1-14-99 Notes

Protons want to align to preferred opposite axis from field. Spin-up and Spin-down are labels, and do not have an exact relationship with North/South

Put protons in magnetic field -> want to go to lowest energy state. But they experience local fields from each other.

To change from down to up -> requires energy from environment, in quanta.

It takes a while for protons to equilibrate because it needs exactly the right energy. This time is the T1. It is an exponential process, that equilibrates quickly at first but slower over time. It is a phenomenon similar to cooling. Hot coffee cools exponentially.

Question?

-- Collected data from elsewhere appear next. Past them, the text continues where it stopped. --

lemma Omega_power_bracket_xy_power_vanishes_on_diagonal:
  "f \<in> polyfun \<Longrightarrow> a < b \<Longrightarrow> diagonal q \<Longrightarrow> (Omega ^^ a) (\<lambda>q. bracket_xy q ^ b * f q) q = 0"
proof (induction a arbitrary: b f)
  case 0
  then show ?case by (simp add: bracket_xy_diagonal)
next
  case (Suc a)
  then obtain b' where b: "b = Suc b'" by (cases b) auto
  define g where "g = (\<lambda>q. real (Suc b') * real (Suc b' + 1) * f q + real (Suc b') * euler_xy f q
                           + bracket_xy q * Omega f q)"
  have "(Omega ^^ Suc a) (\<lambda>q. bracket_xy q ^ b * f q) = (Omega ^^ a) (\<lambda>q. bracket_xy q ^ b' * g q)"
    unfolding b funpow_Suc_right comp_def Omega_bracket_xy_power_mult[OF Suc.prems(1)] g_def ..
  moreover have "g \<in> polyfun" unfolding g_def using Suc.prems(1) by simp
  ultimately show ?case using Suc.IH Suc.prems b by simp
qed

lemma Omega_power_Suc_bracket_xy_power_Suc:
  assumes "f \<in> polyfun" "euler_xy f = (\<lambda>q. D * f q)"
  shows "(Omega ^^ Suc a) (\<lambda>q. bracket_xy q ^ Suc b * f q) =
           (\<lambda>q. real (Suc b) * (real (Suc b) + 1 + D) * (Omega ^^ a) (\<lambda>q. bracket_xy q ^ b * f q) q
                + (Omega ^^ a) (\<lambda>q. bracket_xy q ^ Suc b * Omega f q) q)"
  unfolding funpow_Suc_right comp_def Omega_bracket_xy_power_mult_homogeneous[OF assms]
  using assms(1) by (simp add: Omega_power_linear)

lemma Omega_power_bracket_xy_power_on_diagonal:
  "f \<in> polyfun \<Longrightarrow> euler_xy f = (\<lambda>q. D * f q) \<Longrightarrow> b \<le> a \<Longrightarrow> 2 * real (a - b) \<le> D \<Longrightarrow>
   \<exists>c>0. \<forall>q. diagonal q \<longrightarrow>
     (Omega ^^ a) (\<lambda>q. bracket_xy q ^ b * f q) q = c * (Omega ^^ (a - b)) f q"
proof (induction a arbitrary: b f D)
  case 0
  then show ?case by (intro exI[of _ 1]) simp
next
  case (Suc a)
  show ?case
  proof (cases b)
    case 0
    then show ?thesis by (intro exI[of _ 1]) simp
  next
    case (Suc b')
    note f = \<open>f \<in> polyfun\<close> and hom = \<open>euler_xy f = (\<lambda>q. D * f q)\<close>
    define k where "k = real (Suc b') * (real (Suc b') + 1 + D)"
    have "k > 0" unfolding k_def using Suc.prems(4) by (simp add: add_pos_nonneg)
    obtain c1 where c1: "c1 > 0"
      "\<forall>q. diagonal q \<longrightarrow> (Omega ^^ a) (\<lambda>q. bracket_xy q ^ b' * f q) q = c1 * (Omega ^^ (Suc a - b)) f q"
      using Suc.IH[OF f hom, of b'] Suc.prems(3,4) \<open>b = Suc b'\<close> by auto
    have split: "(Omega ^^ Suc a) (\<lambda>q. bracket_xy q ^ b * f q) = (\<lambda>q.
        k * (Omega ^^ a) (\<lambda>q. bracket_xy q ^ b' * f q) q + (Omega ^^ a) (\<lambda>q. bracket_xy q ^ b * Omega f q) q)"
      unfolding \<open>b = Suc b'\<close> k_def by (rule Omega_power_Suc_bracket_xy_power_Suc[OF f hom])
    show ?thesis
    proof (cases "b \<le> a")
      case True
      have "2 * real (a - b) \<le> D - 2"
        using Suc.prems(4) True \<open>b = Suc b'\<close> by (simp add: of_nat_diff)
      then obtain c2 where c2: "c2 > 0"
        "\<forall>q. diagonal q \<longrightarrow> (Omega ^^ a) (\<lambda>q. bracket_xy q ^ b * Omega f q) q = c2 * (Omega ^^ (a - b)) (Omega f) q"
        using Suc.IH[OF Omega_polyfun[OF f] euler_xy_Omega[OF f hom] True] by auto
      have "(Omega ^^ (a - b)) (Omega f) = (Omega ^^ (Suc a - b)) f"
        using True by (simp add: Suc_diff_le funpow_Suc_right del: funpow.simps)
      show ?thesis
      proof (intro exI conjI allI impI)
        show "k * c1 + c2 > 0" using \<open>k > 0\<close> c1(1) c2(1) by (intro add_pos_pos mult_pos_pos)
        fix q assume "diagonal q"
        then show "(Omega ^^ Suc a) (\<lambda>q. bracket_xy q ^ b * f q) q = (k * c1 + c2) * (Omega ^^ (Suc a - b)) f q"
          unfolding split using c1(2) c2(2) \<open>(Omega ^^ (a - b)) (Omega f) = (Omega ^^ (Suc a - b)) f\<close>
          by (simp add: algebra_simps)
      qed
    next
      case False
      then have "\<forall>q. diagonal q \<longrightarrow> (Omega ^^ a) (\<lambda>q. bracket_xy q ^ b * Omega f q) q = 0"
        using Omega_power_bracket_xy_power_vanishes_on_diagonal[OF Omega_polyfun[OF f]] by simp
      then show ?thesis
        using split c1 \<open>k > 0\<close> by (intro exI[of _ "k * c1"]) auto
    qed
  qed
qed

What determines T1? Not electromagnetic energy, but nonlinear effects do exist with temperature.

Note inverse relationship:

Short T1 = fat, long T1 = CSF.

Long T2 = CSf, short T2=fat.

Rate of precession depends on rate of spinning particle: (same for all protons)

Also, depends on strength of magnetic (or gravitational for a top) field.

Torque= force against angular momentum ?

To convert precession to signal => apply radio pulse at right freq gamma=42.58/tesla*B0

Note: We can selectively excite protons by making B field vary from one position to the next.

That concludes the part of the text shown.